La toute-puissance de la génération Y en matière de technologie aurait du plomb dans l'aile. En effet, toute la jeune génération ne serait pas hyper-connectée et une minorité ne maîtriserait pas totalement certains outils.

L'utilisation des technologies, pas forcément innée pour la génération Y

Les nouvelles technologies ne seraient pas l'apanage de l'ensemble de la génération Y. En effet, l'argument qui prône une rupture générationnelle dans l'usage et la maîtrise des nouveaux outils serait remis en cause par Christopher Jones, chercheur à la Open University. Celui-ci a mené une étude auprès de plus de 2 000 étudiants de cinq universités britanniques qui montre que la différence entre la génération actuelle des jeunes, immergée dans les nouvelles technologies, et les générations plus anciennes, moins familières avec la technologie, est imparfaite. "En effet, aujourd'hui, l'utilisation variée des technologies parmi la génération Y  montre que l'argument est trop simpliste et qu'une " génération Internet" avec des compétences élevées en informatique n'existe pas", dit le Docteur Jones.

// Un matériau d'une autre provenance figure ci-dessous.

(* Let $\{X_t\}_{t\ge1}$ be generated by random shuffling over $[n]$: time is split into consecutive epochs of length $n$, and in each epoch the sequence traverses a permutation of $[n]$ drawn uniformly at random, independently across epochs. Define the augmented process $s_t=(\{A^{(t)}_j\}_{j\in[n]},c_t)$, where $\{A^{(t)}_j\}_{j\in[n]}=(X_{t-n+1},X_{t-n+2},\dots,X_t)$ is the history of the last $n$ indices up to time $t$ and $c_t\in\{1,\dots,n\}$ is the position of time $t$ within its current epoch, with state space $\mathcal S$ consisting of all proper pairs (those that can occur under random shuffling). Then $\{s_t\}$ is a finite, irreducible and periodic Markov chain with period $n$.
   Context: A pair $(\{A_j\}_{j\in[n]},c)$ is proper if the sequence $A_1,\dots,A_n$ together with the epoch position $c$ is consistent with shuffling without replacement, i.e. its last $c$ entries are distinct and form the beginning of an epoch, and its first $n-c$ entries are distinct and form the end of the previous epoch. *)

theory Defs
  imports "HOL-Probability.Probability"
begin

definition perms :: "nat \<Rightarrow> nat list set" where
  "perms n = {p. distinct p \<and> set p = {1..n}}"

fun shuffling :: "nat \<Rightarrow> nat \<Rightarrow> nat list pmf" where
  "shuffling n 0 = return_pmf []"
| "shuffling n (Suc m) =
     bind_pmf (shuffling n m) (\<lambda>xs. bind_pmf (pmf_of_set (perms n)) (\<lambda>p. return_pmf (xs @ p)))"

text \<open>X_t (1-indexed) of a realisation xs.\<close>
definition X :: "nat list \<Rightarrow> nat \<Rightarrow> nat" where
  "X xs t = xs ! (t - 1)"

text \<open>Augmented state s_t = ((X_{t-n+1},...,X_t), c_t), defined for t \<ge> n;
  c_t \<in> {1..n} is the position of time t in its epoch.\<close>
definition aug_state :: "nat \<Rightarrow> nat list \<Rightarrow> nat \<Rightarrow> nat list \<times> nat" where
  "aug_state n xs t = (map (\<lambda>j. X xs (t - n + j)) [1..<n+1], (t - 1) mod n + 1)"

definition proper :: "nat \<Rightarrow> nat list \<times> nat \<Rightarrow> bool" where
  "proper n s = (case s of (A, c) \<Rightarrow>
     length A = n \<and> set A \<subseteq> {1..n} \<and> c \<in> {1..n} \<and>
     distinct (drop (n - c) A) \<and> distinct (take (n - c) A))"

definition state_space :: "nat \<Rightarrow> (nat list \<times> nat) set" where
  "state_space n = {s. proper n s}"

fun kstep :: "('s \<Rightarrow> 's \<Rightarrow> real) \<Rightarrow> 's set \<Rightarrow> nat \<Rightarrow> 's \<Rightarrow> 's \<Rightarrow> real" where
  "kstep K S 0 x y = (if x = y then 1 else 0)"
| "kstep K S (Suc k) x y = (\<Sum>z\<in>S. kstep K S k x z * K z y)"

definition stochastic_on :: "('s \<Rightarrow> 's \<Rightarrow> real) \<Rightarrow> 's set \<Rightarrow> bool" where
  "stochastic_on K S = (\<forall>x\<in>S. (\<forall>y\<in>S. K x y \<ge> 0) \<and> (\<Sum>y\<in>S. K x y) = 1)"

definition irreducible_on :: "('s \<Rightarrow> 's \<Rightarrow> real) \<Rightarrow> 's set \<Rightarrow> bool" where
  "irreducible_on K S = (\<forall>x\<in>S. \<forall>y\<in>S. \<exists>k. kstep K S k x y > 0)"

definition period :: "('s \<Rightarrow> 's \<Rightarrow> real) \<Rightarrow> 's set \<Rightarrow> 's \<Rightarrow> nat" where
  "period K S x = Gcd {k. k > 0 \<and> kstep K S k x x > 0}"

text \<open>The process (s_t)_{t\<ge>n} is a (time-homogeneous) Markov chain on S with kernel K:
  s_t \<in> S almost surely, and path probabilities factor through K.
  The finite horizon m (number of epochs simulated) is arbitrary as long as it covers the times.\<close>
definition markov_with :: "nat \<Rightarrow> (nat list \<times> nat \<Rightarrow> nat list \<times> nat \<Rightarrow> real) \<Rightarrow> bool" where
  "markov_with n K =
    ((\<forall>m t. n \<le> t \<longrightarrow> t \<le> m * n \<longrightarrow>
        measure_pmf.prob (shuffling n m) {xs. aug_state n xs t \<in> state_space n} = 1) \<and>
     (\<forall>m t y. n \<le> t \<longrightarrow> t + 1 \<le> m * n \<longrightarrow>
        measure_pmf.prob (shuffling n m) {xs. \<forall>i\<in>{n..t+1}. aug_state n xs i = y i}
        = measure_pmf.prob (shuffling n m) {xs. \<forall>i\<in>{n..t}. aug_state n xs i = y i}
          * K (y t) (y (t+1))))"

end

(*
  Given the past, the next index of a random shuffle is uniform over the symbols not yet drawn
  in the current epoch. These symbols can be read off from the augmented state (A, c): unless
  the epoch is complete (c = n), they are the symbols outside the last c entries of A. Hence the
  path probabilities of the augmented process factor through a kernel that picks a fresh
  symbol uniformly and shifts it into the window. A pair is proper exactly when A is the
  end of one permutation followed by the beginning of another, so concatenating suitable
  permutations yields a realisation through any two proper states: the chain is irreducible.
  The position c advances by one modulo n in every step, so return times are multiples
  of n, while returns after 2n and 3n steps occur; the period is n.
*)
theory Submission
  imports Defs "HOL-Combinatorics.Multiset_Permutations"
begin

lemma permutations_of_set_with_prefix:
  assumes "distinct u" "set u \<subseteq> A"
  shows "permutations_of_set A \<inter> {p. take (length u) p = u} = (\<lambda>v. u @ v) ` permutations_of_set (A - set u)"
proof (intro equalityI subsetI)
  fix p assume "p \<in> permutations_of_set A \<inter> {p. take (length u) p = u}"
  then have perm: "set p = A" "distinct p" and prefix: "take (length u) p = u"
    by (auto simp: permutations_of_set_def)
  define v where "v = drop (length u) p"
  have p: "p = u @ v"
    unfolding v_def using prefix by (metis append_take_drop_id)
  have "v \<in> permutations_of_set (A - set u)"
    using perm unfolding p by (auto simp: permutations_of_set_def)
  then show "p \<in> (\<lambda>v. u @ v) ` permutations_of_set (A - set u)"
    unfolding p by (rule imageI)
next
  fix p assume "p \<in> (\<lambda>v. u @ v) ` permutations_of_set (A - set u)"
  with assms show "p \<in> permutations_of_set A \<inter> {p. take (length u) p = u}"
    by (auto simp: permutations_of_set_def)
qed

lemma card_permutations_of_set_with_prefix:
  assumes "finite A"
  shows "card (permutations_of_set A \<inter> {p. take (length u) p = u}) =
    (if distinct u \<and> set u \<subseteq> A then fact (card A - length u) else 0)"
proof (cases "distinct u \<and> set u \<subseteq> A")
  case True
  have "card ((\<lambda>v. u @ v) ` permutations_of_set (A - set u)) = card (permutations_of_set (A - set u))"
    by (rule card_image) (simp add: inj_on_def)
  also have "\<dots> = fact (card A - length u)"
    using True assms by (simp add: card_Diff_subset distinct_card)
  finally show ?thesis
    using True by (simp add: permutations_of_set_with_prefix)
next
  case False
  have "\<not> (set p = A \<and> distinct p \<and> take (length u) p = u)" for p
    using False by (metis distinct_take set_take_subset)
  then have "permutations_of_set A \<inter> {p. take (length u) p = u} = {}"
    by (auto simp: permutations_of_set_def)
  with False show ?thesis
    by simp
qed


lemma prob_permutation_prefix:
  assumes "finite A"
  shows "measure_pmf.prob (pmf_of_set (permutations_of_set A)) {p. take (length u) p = u} =
    (if distinct u \<and> set u \<subseteq> A then fact (card A - length u) / fact (card A) else 0)"
  using assms by (simp add: measure_pmf_of_set card_permutations_of_set_with_prefix)

lemma prob_permutation_prefix_snoc:
  assumes "finite A"
  shows "measure_pmf.prob (pmf_of_set (permutations_of_set A)) {p. take (length (u @ [a])) p = u @ [a]} =
    measure_pmf.prob (pmf_of_set (permutations_of_set A)) {p. take (length u) p = u} *
    (if a \<in> A - set u then 1 / real (card A - length u) else 0)"
proof (cases "distinct u \<and> set u \<subseteq> A \<and> a \<in> A - set u")
  case True
  then have "card (set u) < card A"
    using assms by (intro psubset_card_mono) auto
  then have "length u < card A"
    using True by (simp add: distinct_card)
  then have "(fact (card A - length u) :: real) = real (card A - length u) * fact (card A - Suc (length u))"
    by (metis Suc_diff_Suc fact_Suc)
  with True \<open>length u < card A\<close> show ?thesis
    unfolding prob_permutation_prefix[OF assms] by simp
next
  case False
  then show ?thesis
    unfolding prob_permutation_prefix[OF assms] by auto
qed

lemma prob_prefix_append_pair:
  fixes M N :: "'a :: countable list pmf"
  assumes "\<And>xs. xs \<in> set_pmf M \<Longrightarrow> length xs = L"
  shows "measure_pmf.prob (map_pmf (\<lambda>(xs, ys). xs @ ys) (pair_pmf M N)) {zs. take (length w) zs = w} =
    measure_pmf.prob M {xs. take (length (take L w)) xs = take L w} *
    measure_pmf.prob N {ys. take (length (drop L w)) ys = drop L w}"
proof -
  let ?E = "{xs. take (length (take L w)) xs = take L w} \<times> {ys. take (length (drop L w)) ys = drop L w}"
  have "take (length w) (xs @ ys) = w \<longleftrightarrow> (xs, ys) \<in> ?E" if "length xs = L" for xs ys :: "'a list"
    using that by (cases "length w \<le> L") (simp_all add: append_eq_conv_conj min_def)
  then have "measure_pmf.prob (pair_pmf M N) {(xs, ys). take (length w) (xs @ ys) = w} =
      measure_pmf.prob (pair_pmf M N) ?E"
    using assms by (intro measure_pmf.finite_measure_eq_AE) (auto simp: AE_measure_pmf_iff)
  then show ?thesis
    by (simp add: measure_pmf_prob_product case_prod_unfold vimage_def)
qed

lemma drop_mult_concat:
  assumes "\<forall>p\<in>set ps. length p = n"
  shows "drop (q * n) (concat ps) = concat (drop q ps)"
  using assms
proof (induction ps arbitrary: q)
  case (Cons p ps)
  then show ?case
    by (cases q) simp_all
qed simp

section \<open>Multi-step transition probabilities\<close>

lemma kstep_nonneg:
  assumes "\<And>x y. 0 \<le> K x y"
  shows "0 \<le> kstep K S k x y"
  by (induction k arbitrary: y) (auto intro!: sum_nonneg mult_nonneg_nonneg assms)

lemma kstep_Suc_pos:
  assumes "\<And>x y. 0 \<le> K x y" "finite S" "z \<in> S"
    and "0 < kstep K S k x z" "0 < K z y"
  shows "0 < kstep K S (Suc k) x y"
proof -
  have "0 < kstep K S k x z * K z y"
    using assms(4,5) by simp
  also have "\<dots> \<le> (\<Sum>z\<in>S. kstep K S k x z * K z y)"
    using assms(1-3) kstep_nonneg[OF assms(1)] by (intro member_le_sum mult_nonneg_nonneg) auto
  finally show ?thesis
    by simp
qed

lemma period_eqI:
  assumes "\<And>k. 0 < k \<Longrightarrow> 0 < kstep K S k x x \<Longrightarrow> d dvd k"
    and "0 < kstep K S (2 * d) x x" "0 < kstep K S (3 * d) x x" "0 < d"
  shows "period K S x = d"
proof -
  let ?R = "{k. 0 < k \<and> 0 < kstep K S k x x}"
  have "d dvd Gcd ?R"
    using assms(1) by (intro Gcd_greatest) auto
  moreover have "Gcd ?R dvd 3 * d - 2 * d"
    using assms(2-4) by (intro dvd_diff_nat Gcd_dvd) auto
  ultimately show ?thesis
    unfolding period_def by (simp add: dvd_antisym)
qed

section \<open>Random shuffling\<close>

lemma perms_eq_permutations_of_set: "perms n = permutations_of_set {1..n}"
  unfolding perms_def permutations_of_set_def by auto

lemma finite_perms: "finite (perms n)"
  by (simp add: perms_eq_permutations_of_set)

lemma perms_nonempty: "perms n \<noteq> {}"
  by (simp add: perms_eq_permutations_of_set)

lemma length_perms: "p \<in> perms n \<Longrightarrow> length p = n"
  by (simp add: perms_eq_permutations_of_set length_finite_permutations_of_set)

lemma perms_completions:
  assumes "distinct u" "set u \<subseteq> {1..n}"
  shows "\<exists>v. u @ v \<in> perms n" "\<exists>v. v @ u \<in> perms n"
proof -
  let ?v = "sorted_list_of_set ({1..n} - set u)"
  show "\<exists>v. u @ v \<in> perms n" "\<exists>v. v @ u \<in> perms n"
    using assms by (auto simp: perms_def intro!: exI[of _ ?v])
qed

Disparités dans l'utilisation

Alors, c'est vrai, une grande majorité de la jeune génération est équipée de téléphones mobiles (97,8%). Les ¾ possèdent un ordinateur portable et plus d'1/3 ont un ordinateur de bureau. Si 70,1% estiment que l'accès aux ordinateurs est suffisant et répond à leurs besoins, l'étude révèle qu'une petite minorité d'étudiants n'utilisent pas les emails et n'ont pas accès aux téléphones portables. Les moins de 20 ans utilisent davantage les messageries instantanées, les sms, les réseaux sociaux que les 25 ans et plus. En effet, seulement 4,3% des moins de 20 ans n'ont jamais utilisés les réseaux sociaux comparés à 78,5% des 35 ans et plus.

Un effort de démocratisation à faire

Toutefois, certaines technologies comme les blogs (21,5%) et les wikis (12,1%) sont utilisés par une minorité d'étudiants sans tenir compte de leur âge. Les étudiants masculins seraient plus à l'aise dans l'utilisation des outils informatiques que leurs homologues féminins. Mais il est à noter que même si les étudiants sont très exposés à la technologie, ils manquent souvent d'une connaissance approfondie de certains logiciels. Les universités pourraient endosser ce rôle d'accompagnement pour gommer ces lacunes.